The second of these is still buggy (and the cause of both a couple of late nights night and the lateness of this post (for which I apologize heartily to the nice people at MITH)), but it does a couple of additional things:
- Prioritization. While the ability to generate all sorts of different apparatus is a desideratum, at present what we can do is choose the order in which results are presented, and, in the case of presenting a text with apparatus, the first text chosen becomes the base text for comparison.

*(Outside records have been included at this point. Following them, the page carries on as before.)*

lemma star_sol_imp_sin_nonzero:
  assumes "cst lam + cst mu \<noteq> 0" "cst lam * cst mu = 0" "star_sol lam mu w t"
  shows "sin t \<noteq> 0"
proof
  assume "sin t = 0"
  then obtain i :: int where "t = i * pi" using sin_zero_iff_int2 by blast
  then have "sin (w * t) = 0" using sin_zero_iff_int2[of "w * t"]
    by (metis mult.assoc of_int_mult of_int_of_nat_eq)
  then have "cos (w * t) \<noteq> 0" "cos t \<noteq> 0"
    using sin_cos_squared_add[of "w * t"] sin_cos_squared_add[of t] \<open>sin t = 0\<close> by auto
  moreover have "sin (w * t) * (- sin t) = cos (w * t) * ((cst lam + cst mu) * cos t)"
    using assms by (simp add: star_sol_def Let_def)
  ultimately show False using \<open>sin t = 0\<close> \<open>sin (w * t) = 0\<close> assms(1) by simp
qed

lemma Dw_one_one: "Dw 1 1 w = [:1, 0, -1:] * [:1, 0, -1:] * (1 - monom 1 (2*w))"
  unfolding Dw_def by (simp add: right_diff_distrib)

lemma order_Dw_one_one_ge:
  assumes "1 \<le> w" "z^2 = 1"
  shows "3 \<le> order z (Dw 1 1 w)"
proof -
  have "[:-z, 1:] dvd [:1, 0, -1:]"
    using assms(2) by (simp add: poly_eq_0_iff_dvd[symmetric] power2_eq_square)
  moreover have "[:-z, 1:] dvd (1 - monom 1 (2*w) :: complex poly)"
    using assms(2) by (simp add: poly_eq_0_iff_dvd[symmetric] poly_monom power_mult)
  ultimately have "[:-z, 1:]^3 dvd Dw 1 1 w"
    unfolding Dw_one_one power3_eq_cube by (intro mult_dvd_mono)
  then show ?thesis using order_divides Dw_nonzero[OF assms(1)] by blast
qed

lemma nsol_one_one: "1 \<le> w \<Longrightarrow> nsol 1 1 w = 2 * w"
  using card_sin_zeros_perturbed_linear[of "\<lambda>t. 0" "\<lambda>t. 0" 0 w 0]
  by (simp add: nsol_def star_sol_def cst_def)

lemma Dw_one_one_zeros:
  assumes "1 \<le> w"
  shows "circle_zeros (Dw 1 1 w) = 2*w + 4 \<and> order 1 (Dw 1 1 w) = 3 \<and> order (-1) (Dw 1 1 w) = 3"
proof -
  define p where "p = Dw 1 1 w"
  define X where "X = cis ` {t. 0 \<le> t \<and> t < 2*pi \<and> star_sol 1 1 w t}"
  have p0: "p \<noteq> 0" using Dw_nonzero[OF assms] by (simp add: p_def)
  have X_roots: "X \<subseteq> {z. poly p z = 0 \<and> cmod z = 1}"
    using cis_star_sol_subset[of 1 1 w] by (simp add: X_def p_def)
  have "finite X" using X_roots by (intro finite_subset[OF _ poly_roots_finite[OF p0]]) auto
  have star: "star_sol 1 1 w t \<longleftrightarrow> sin (real w * t) = 0" for t :: real
    by (simp add: star_sol_def cst_def)
  have "0 \<in> {t. 0 \<le> t \<and> t < 2*pi \<and> star_sol 1 1 w t}" "pi \<in> {t. 0 \<le> t \<and> t < 2*pi \<and> star_sol 1 1 w t}"
    using star[of 0] star[of pi] by simp_all
  then have pm1: "1 \<in> X" "-1 \<in> X"
    unfolding X_def by (metis cis_zero image_eqI, metis cis_pi image_eqI)
  have "card (X - {1, -1}) = 2*w - 2"
    using card_cis_star_sol[of 1 1 w] nsol_one_one[OF assms] pm1 \<open>finite X\<close>
    by (simp add: X_def card_Diff_subset)
  moreover have "card (X - {1, -1}) \<le> (\<Sum>z\<in>X - {1, -1}. order z p)"
    by (rule card_le_sum_order[OF p0]) (use X_roots in auto)
  ultimately have "2*w - 2 + order 1 p + order (-1) p \<le> (\<Sum>z\<in>X. order z p)"
    using pm1 \<open>finite X\<close> sum.subset_diff[of "{1, -1}" X "\<lambda>z. order z p"] by simp
  also have "\<dots> \<le> circle_zeros p"
    unfolding circle_zeros_def by (rule sum_order_mono[OF p0 X_roots]) auto
  finally have lower: "2*w - 2 + order 1 p + order (-1) p \<le> circle_zeros p" .
  have "circle_zeros p \<le> 2*w + 4"
    using circle_zeros_add_real_zeros_le_degree[OF p0] degree_Dw_le[of 1 1 w] by (simp add: p_def)
  moreover have "3 \<le> order 1 p" "3 \<le> order (-1) p"
    using order_Dw_one_one_ge[OF assms] by (simp_all add: p_def)
  ultimately show ?thesis using lower assms unfolding p_def by linarith
qed

definition num_eq_one :: "real \<Rightarrow> real \<Rightarrow> nat" where
  "num_eq_one lam mu = of_bool (lam = 1) + of_bool (mu = 1)"

definition num_gt_one :: "real \<Rightarrow> real \<Rightarrow> nat" where
  "num_gt_one lam mu = of_bool (1 < lam) + of_bool (1 < mu)"

lemma nsol_add_le_circle_zeros:
  assumes "1 \<le> w" "0 \<le> lam" "0 \<le> mu"
  shows "nsol lam mu w + 2 * num_eq_one lam mu \<le> circle_zeros (Dw lam mu w)"
proof -
  define X where "X = cis ` {t. 0 \<le> t \<and> t < 2*pi \<and> star_sol lam mu w t}"
  have X_roots: "X \<subseteq> {z. poly (Dw lam mu w) z = 0 \<and> cmod z = 1}"
    unfolding X_def by (rule cis_star_sol_subset[OF assms(2,3)])
  have card_X: "card X = nsol lam mu w" unfolding X_def by (rule card_cis_star_sol)
  consider "lam \<noteq> 1" "mu \<noteq> 1" | "lam = 1" "mu = 1" | "(lam = 1) \<noteq> (mu = 1)" by blast
  then show ?thesis
  proof cases
    case 1
    then show ?thesis
      using card_le_circle_zeros[OF Dw_nonzero[OF assms(1)] X_roots] card_X by (simp add: num_eq_one_def)
  next
    case 2
    then show ?thesis
      using Dw_one_one_zeros[OF assms(1)] nsol_one_one[OF assms(1)] by (simp add: num_eq_one_def)
  next
    case 3
    moreover have "cst lam = 0 \<longleftrightarrow> lam = 1" "cst mu = 0 \<longleftrightarrow> mu = 1"
      using cst_eq_0_iff assms(2,3) by auto
    ultimately have "cst lam + cst mu \<noteq> 0" "cst lam * cst mu = 0" by auto
    then have "sin t \<noteq> 0" if "star_sol lam mu w t" for t
      using star_sol_imp_sin_nonzero that by blast
    then have pm1: "1 \<notin> X" "-1 \<notin> X"
      unfolding X_def by (auto simp: complex_eq_iff)
    have "finite X"
      using X_roots by (intro finite_subset[OF _ poly_roots_finite[OF Dw_nonzero[OF assms(1)]]]) auto
    have "insert 1 (insert (-1) X) \<subseteq> {z. poly (Dw lam mu w) z = 0 \<and> cmod z = 1}"
      using X_roots poly_Dw_one poly_Dw_minus_one by auto
    from card_le_circle_zeros[OF Dw_nonzero[OF assms(1)] this]
    have "card (insert 1 (insert (-1) X)) \<le> circle_zeros (Dw lam mu w)" .
    moreover have "card (insert 1 (insert (-1) X)) = nsol lam mu w + 2"
      using pm1 card_X \<open>finite X\<close> by simp
    moreover have "num_eq_one lam mu = 1" using 3 by (auto simp: num_eq_one_def)
    ultimately show ?thesis by simp
  qed
qed

section \<open>Real zeros\<close>

definition Dw_real :: "real \<Rightarrow> real \<Rightarrow> nat \<Rightarrow> real \<Rightarrow> real" where
  "Dw_real lam mu w p = (1 - lam^2 * p^2) * (1 - mu^2 * p^2) - (lam^2 - p^2) * (mu^2 - p^2) * p^(2*w)"

lemma poly_Dw_of_real: "poly (Dw lam mu w) (of_real p) = of_real (Dw_real lam mu w p)"
  by (simp add: poly_Dw Dw_real_def)

lemma Dw_real_tendsto:
  assumes "0 \<le> p" "p < 1"
  shows "(\<lambda>w. Dw_real lam mu w p) \<longlonglongrightarrow> (1 - (lam * p)^2) * (1 - (mu * p)^2)"
proof -
  have "(\<lambda>w. (p^2)^w) \<longlonglongrightarrow> 0"
    using assms by (intro LIMSEQ_power_zero) (simp add: abs_square_less_1)
  from tendsto_diff[OF tendsto_const tendsto_mult[OF tendsto_const this]]
  have "(\<lambda>w. (1 - (lam * p)^2) * (1 - (mu * p)^2) - (lam^2 - p^2) * (mu^2 - p^2) * (p^2)^w)
      \<longlonglongrightarrow> (1 - (lam * p)^2) * (1 - (mu * p)^2) - (lam^2 - p^2) * (mu^2 - p^2) * 0" .
  then show ?thesis by (simp add: Dw_real_def power_mult power_mult_distrib)
qed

- Tokenizing. I am now able to tokenize in two steps. First with “rich” tokens that retain data about the individual words (e.g., abbreviations, which should be compared based on their expanded text rather than on the abbreviation as written), as well as other data in the text (page breaks, etc). From there we can create “regularized” tokens. For now I have regularized the tokens by removing all yods and waws. Additional candidates might include dealing with prepositions that are sometimes but not always attached in medieval Mishnah manuscripts (shel, e.g.), final aleph/heh, and final nun/mem. “Simple” tokens are passed to Collatex (or, we allow Collatex to process “rich” tokens) and the resulting collation output is merged with the rich tokens.
- Presentation. Because the “rich” tokens retain information about the witness, it is possible to generate a “text-with-apparatus” in which the base text can be presented with formatting and contextual information that may be useful to the reader. (Disclaimer: Here is a big bug: The XSLT that joins the two lists of tokens inserts the non-words (page breaks etc.) in a position that is offset by one location. Any suggestions?)
Next up: modifying the demo to present multi-column synopses, and linking in Talmudic and Commentary citations.
Hayim Lapin is Robert H. Smith Professor of Jewish Studies and Professor in the Department of History at the University of Maryland. He currently is completing a faculty fellowship at MITH. This post originally appeared at Digital Mishnah on May 24th, 2012.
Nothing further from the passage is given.